We’ve seen aliens – monsters – like Memento Mori‘s Gorn before, anyway, they just weren’t called Gorn. The aliens-obsessed-with-hunting-humans gag obviously brings to mind the Hirogen from Voyager; Enterprise had an episode about an evil ship that went around terrorising less advanced civilisations, too. The specific references to Treks-gone-by in this episode are fairly dismal, but when it comes to a sort of generic evocation of the history of the series it’s… well, really relentless, to be honest.
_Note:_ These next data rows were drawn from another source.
(* Let $\bar x \in \mathrm{dom}\,\psi$, let $H > 0$, let $F'(\bar x) \in \partial F(\bar x)$ be a chosen subgradient with $F'(\bar x) \neq 0$, and let $A = A_H(\bar x) = \frac{1}{\sigma}\sqrt{\frac{H}{3}\|F'(\bar x)\|_*}$. Then $$H\, \|T_A(\bar x) - \bar x\| \;\leq\; 3\sigma A.$$
   Context: $\mathbb{E}$ is a finite-dimensional real vector space with an arbitrary norm $\|\cdot\|$; $\mathbb{E}^*$ is its dual with dual norm $\|g\|_* = \max\{\langle g, x\rangle : \|x\|\le 1\}$. $F = f + \psi$, where $\psi$ is a closed convex function with $\mathrm{dom}\,\psi \subseteq \mathbb{E}$ and $f$ is convex and twice continuously differentiable; subgradients of $F$ have the form $F'(\bar x) = \nabla f(\bar x) + \psi'(\bar x)$ with $\psi'(\bar x) \in \partial \psi(\bar x)$. The scaling function $d$ is differentiable and satisfies, for some $\sigma\in(0,1]$ and all $x,y \in \mathrm{dom}\,\psi$: $d(y) \ge d(x) + \langle \nabla d(x), y-x\rangle + \frac{\sigma}{2}\|y-x\|^2$ and $\|\nabla d(x) - \nabla d(y)\|_* \le \|x-y\|$. Bregman distance: $\rho(x,y) = d(y) - d(x) - \langle \nabla d(x), y-x\rangle$. For $A>0$, $$T_A(\bar x) = \arg\min_{y\in\mathrm{dom}\,\psi}\Big[ f(\bar x) + \langle \nabla f(\bar x), y-\bar x\rangle + \tfrac12 \langle \nabla^2 f(\bar x)(y-\bar x), y-\bar x\rangle + A\rho(\bar x,y) + \psi(y)\Big].$$ *)

theory Defs
  imports "HOL-Analysis.Analysis"
begin

text \<open>The space E is modelled by a Euclidean space type 'a; the arbitrary norm of E is a
  separate function nrm.  The dual space E* is identified with 'a via the inner product,
  so the pairing of g with x is the inner product of g and x.\<close>

definition is_norm :: "('a::real_vector \<Rightarrow> real) \<Rightarrow> bool" where
  "is_norm nrm \<longleftrightarrow>
     (\<forall>x. nrm x = 0 \<longleftrightarrow> x = 0) \<and>
     (\<forall>x y. nrm (x + y) \<le> nrm x + nrm y) \<and>
     (\<forall>c x. nrm (c *\<^sub>R x) = \<bar>c\<bar> * nrm x)"

definition dual_norm :: "('a::real_inner \<Rightarrow> real) \<Rightarrow> 'a \<Rightarrow> real" where
  "dual_norm nrm g = Sup {g \<bullet> x | x. nrm x \<le> 1}"

text \<open>Closed convex function psi with effective domain D (psi is +infinity outside D):
  D convex, psi convex on D, epigraph closed.\<close>
definition closed_convex_fun :: "'a::real_normed_vector set \<Rightarrow> ('a \<Rightarrow> real) \<Rightarrow> bool" where
  "closed_convex_fun D psi \<longleftrightarrow> convex D \<and> convex_on D psi \<and>
     closed {(x, t). x \<in> D \<and> psi x \<le> t}"

definition bregman :: "('a::real_inner \<Rightarrow> real) \<Rightarrow> ('a \<Rightarrow> 'a) \<Rightarrow> 'a \<Rightarrow> 'a \<Rightarrow> real" where
  "bregman d Dd x y = d y - d x - Dd x \<bullet> (y - x)"

definition model ::
  "('a::real_inner \<Rightarrow> real) \<Rightarrow> ('a \<Rightarrow> 'a) \<Rightarrow> ('a \<Rightarrow> 'a \<Rightarrow>\<^sub>L 'a) \<Rightarrow> ('a \<Rightarrow> real)
    \<Rightarrow> ('a \<Rightarrow> 'a) \<Rightarrow> ('a \<Rightarrow> real) \<Rightarrow> real \<Rightarrow> 'a \<Rightarrow> 'a \<Rightarrow> real" where
  "model f Df D2f d Dd psi A xbar y =
     f xbar + Df xbar \<bullet> (y - xbar) + (1/2) * ((D2f xbar) (y - xbar) \<bullet> (y - xbar))
     + A * bregman d Dd xbar y + psi y"

definition is_T :: "'a::real_inner set \<Rightarrow> ('a \<Rightarrow> real) \<Rightarrow> ('a \<Rightarrow> 'a) \<Rightarrow> ('a \<Rightarrow> 'a \<Rightarrow>\<^sub>L 'a)
    \<Rightarrow> ('a \<Rightarrow> real) \<Rightarrow> ('a \<Rightarrow> 'a) \<Rightarrow> ('a \<Rightarrow> real) \<Rightarrow> real \<Rightarrow> 'a \<Rightarrow> 'a \<Rightarrow> bool" where
  "is_T D f Df D2f d Dd psi A xbar T \<longleftrightarrow> T \<in> D \<and>
     (\<forall>y\<in>D. model f Df D2f d Dd psi A xbar T \<le> model f Df D2f d Dd psi A xbar y)"

end

theory Submission imports Defs begin

text \<open>Write \<open>h = T - xbar\<close> and \<open>r = nrm h\<close>. Since \<open>T\<close> minimizes the smooth model
  plus the convex \<open>psi\<close> over \<open>D\<close>, the directional derivative of the smooth part at \<open>T\<close>
  towards \<open>xbar\<close> is at least \<open>psi T - psi xbar \<ge> s \<bullet> h\<close>. Convexity of \<open>f\<close> makes the
  Hessian term nonnegative and strong convexity of \<open>d\<close> gives
  \<open>(Dd T - Dd xbar) \<bullet> h \<ge> \<sigma> r\<^sup>2\<close>, hence \<open>A \<sigma> r\<^sup>2 \<le> - F'(xbar) \<bullet> h \<le> \<parallel>F'(xbar)\<parallel>\<^sub>* r\<close>.
  With \<open>3 (\<sigma> A)\<^sup>2 = H \<parallel>F'(xbar)\<parallel>\<^sub>*\<close> this is \<open>H r \<le> 3 \<sigma> A\<close>.\<close>

lemma is_normD:
  assumes "is_norm nrm"
  shows "nrm x = 0 \<longleftrightarrow> x = 0" "nrm (x + y) \<le> nrm x + nrm y" "nrm (c *\<^sub>R x) = \<bar>c\<bar> * nrm x"
  using assms unfolding is_norm_def by auto

lemma is_norm_minus:
  assumes "is_norm nrm"
  shows "nrm (- x) = nrm x"
  using is_normD(3)[OF assms, of "-1" x] by simp

lemma is_norm_zero:
  assumes "is_norm nrm"
  shows "nrm 0 = 0"
  using is_normD(1)[OF assms] by simp

lemma is_norm_nonneg:
  assumes "is_norm nrm"
  shows "0 \<le> nrm x"
  using is_normD(2)[OF assms, of x "- x"] is_norm_minus[OF assms, of x] is_norm_zero[OF assms] by simp

lemma is_norm_convex:
  assumes "is_norm nrm"
  shows "convex_on UNIV nrm"
proof (rule convex_onI)
  fix t :: real and x y assume "0 < t" "t < 1"
  have "nrm ((1 - t) *\<^sub>R x + t *\<^sub>R y) \<le> nrm ((1 - t) *\<^sub>R x) + nrm (t *\<^sub>R y)"
    by (rule is_normD(2)[OF assms])
  also have "\<dots> = (1 - t) * nrm x + t * nrm y"
    using \<open>0 < t\<close> \<open>t < 1\<close> by (simp add: is_normD(3)[OF assms])
  finally show "nrm ((1 - t) *\<^sub>R x + t *\<^sub>R y) \<le> (1 - t) * nrm x + t * nrm y" .
qed simp

lemma is_norm_ge_norm:
  fixes nrm :: "'a::euclidean_space \<Rightarrow> real"
  assumes "is_norm nrm"
  obtains m where "m > 0" "\<And>x. m * norm x \<le> nrm x"
proof -
  have "continuous_on (sphere 0 1) nrm"
    using convex_on_continuous[OF open_UNIV is_norm_convex[OF assms]] continuous_on_subset by blast
  moreover have "sphere (0::'a) 1 \<noteq> {}" by simp
  ultimately obtain z where z: "z \<in> sphere (0::'a) 1" and min: "\<And>y. y \<in> sphere 0 1 \<Longrightarrow> nrm z \<le> nrm y"
    using continuous_attains_inf[OF compact_sphere] by blast
  have "0 < nrm z"
    using z is_normD(1)[OF assms, of z] is_norm_nonneg[OF assms, of z] by fastforce
  moreover have "nrm z * norm x \<le> nrm x" for x
  proof (cases "x = 0")
    case False
    then have "nrm z \<le> nrm ((1 / norm x) *\<^sub>R x)" by (intro min) simp
    also have "\<dots> = nrm x / norm x" using is_normD(3)[OF assms] by simp
    finally show ?thesis using False by (simp add: field_simps)
  qed (use is_norm_zero[OF assms] in simp)
  ultimately show thesis using that by blast
qed

lemma inner_le_dual_norm:
  fixes nrm :: "'a::euclidean_space \<Rightarrow> real"
  assumes "is_norm nrm"
  shows "g \<bullet> x \<le> dual_norm nrm g * nrm x"
proof -
  obtain m where m: "m > 0" "\<And>x. m * norm x \<le> nrm x" using is_norm_ge_norm[OF assms] by blast
  have bdd: "bdd_above {g \<bullet> x | x. nrm x \<le> 1}"
  proof (rule bdd_aboveI[of _ "norm g / m"], clarify)
    fix x :: 'a assume "nrm x \<le> 1"
    then have "m * norm x \<le> 1" using m(2)[of x] by linarith
    then have "norm g * (m * norm x) \<le> norm g" using mult_left_mono[of _ 1 "norm g"] by simp
    then have "norm g * norm x \<le> norm g / m" using m(1) by (simp add: field_simps)
    then show "g \<bullet> x \<le> norm g / m" using Cauchy_Schwarz_ineq2[of g x] by simp
  qed
  show ?thesis
  proof (cases "x = 0")
    case False
    then have pos: "nrm x > 0"
      using is_normD(1)[OF assms, of x] is_norm_nonneg[OF assms, of x] by simp
    then have "nrm ((1 / nrm x) *\<^sub>R x) \<le> 1" using is_normD(3)[OF assms] by simp
    then have "g \<bullet> ((1 / nrm x) *\<^sub>R x) \<le> dual_norm nrm g"
      unfolding dual_norm_def by (intro cSup_upper bdd) blast
    then show ?thesis using pos by (simp add: field_simps)
  qed (use is_norm_zero[OF assms] in simp)
qed

lemma dual_norm_pos:
  fixes nrm :: "'a::euclidean_space \<Rightarrow> real"
  assumes "is_norm nrm" "g \<noteq> 0"
  shows "0 < dual_norm nrm g"
proof -
  have "0 < g \<bullet> g" using assms(2) by simp
  also have "\<dots> \<le> dual_norm nrm g * nrm g" by (rule inner_le_dual_norm[OF assms(1)])
  finally show ?thesis
    using is_norm_nonneg[OF assms(1), of g] by (simp add: zero_less_mult_iff)
qed

lemma derivative_ge_of_segment:
  fixes g :: "'a::real_normed_vector \<Rightarrow> real"
  assumes g': "(g has_derivative g') (at x)"
    and quot: "\<And>t. 0 < t \<Longrightarrow> t \<le> 1 \<Longrightarrow> t * c \<le> g (x + t *\<^sub>R v) - g x"
  shows "c \<le> g' v"
proof (rule ccontr)
  assume "\<not> c \<le> g' v"
  define u where "u t = g (x + t *\<^sub>R v) - t * c" for t
  have line: "((\<lambda>t. x + t *\<^sub>R v) has_derivative (\<lambda>t. t *\<^sub>R v)) (at 0)"
    by (auto intro!: derivative_eq_intros)
  have "(g has_derivative g') (at (x + 0 *\<^sub>R v))" using g' by simp
  from has_derivative_compose[OF line this]
  have "((\<lambda>t. g (x + t *\<^sub>R v)) has_derivative (\<lambda>t. t * g' v)) (at 0)"
    using linear_cmul[OF has_derivative_linear[OF g']] by simp
  then have "(u has_real_derivative (g' v - c)) (at 0)"
    unfolding u_def has_field_derivative_def
    by (auto intro!: derivative_eq_intros simp: algebra_simps)
  moreover have "g' v - c < 0" using \<open>\<not> c \<le> g' v\<close> by simp
  ultimately obtain e where "e > 0" and dec: "\<forall>h>0. h < e \<longrightarrow> u (0 + h) < u 0"
    using DERIV_neg_dec_right by blast
  define t where "t = min 1 (e / 2)"
  have "0 < t" "t \<le> 1" "t < e" using \<open>e > 0\<close> unfolding t_def by auto
  then have "u 0 \<le> u t" using quot[of t] unfolding u_def by simp
  with dec \<open>0 < t\<close> \<open>t < e\<close> show False by fastforce
qed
This isn’t really doing one of the classic Trek story structures, nor a very obvious homage to a specific other film or TV show, but at the same time it still feels incredibly derivative. The opening is a loose rewrite of Arena‘s first act or so. Then, the ship has to hide inside a big cloud of gas to evade its enemies? That’s a staple Trek bit, and I’m certain there’s a whole episode of DS9 based on that exact premise, I just can’t be bothered to look it up. I could go on, but I can’t believe anyone still reading this would want that. Even the bit with SNW-Uhura and Hemmer trapped in the cargo bay is surely the bit with Crusher and Geordi trapped in the cargo bay from that TNG episode where Worf delivers a baby and Data’s head falls off.
I know the point of SNW is to be the version of new-Trek that’s supposed to be comfort viewing for your more seasoned Trek watcher (which must be why I have accepted it so wholly and unreservedly, har har), but is it going to be like this regularly going forward? Claiming to be a prequel show then not really paying attention to the nuts and bolts of canon and continuity, but managing to feel – on some level – authentic, primarily through sourcing virtually every plot element and beat from a previous episode in the franchise.
I mean, on one level the episode certainly hangs together as a sort of exercise in plot-carpentry. If you’d never seen Trek before you might very well be faintly impressed by Memento Mori; it’s technically very competent and rather atmospheric. And if you have seen Trek before, well, there’s an awful lot there which seems designed to get the fans onside, one way or another. But to me it felt rather like an episode where the first draft was written by an AI that had been fed Star Trek – The Complete Collected Scripts and the second draft and polish was done by somebody who knew a lot about the series but didn’t care at all about the consistency and coherence of the fictional universe. This to me was not a good combination. I wish I had liked it more, but it mostly just wound me up, I’m afraid.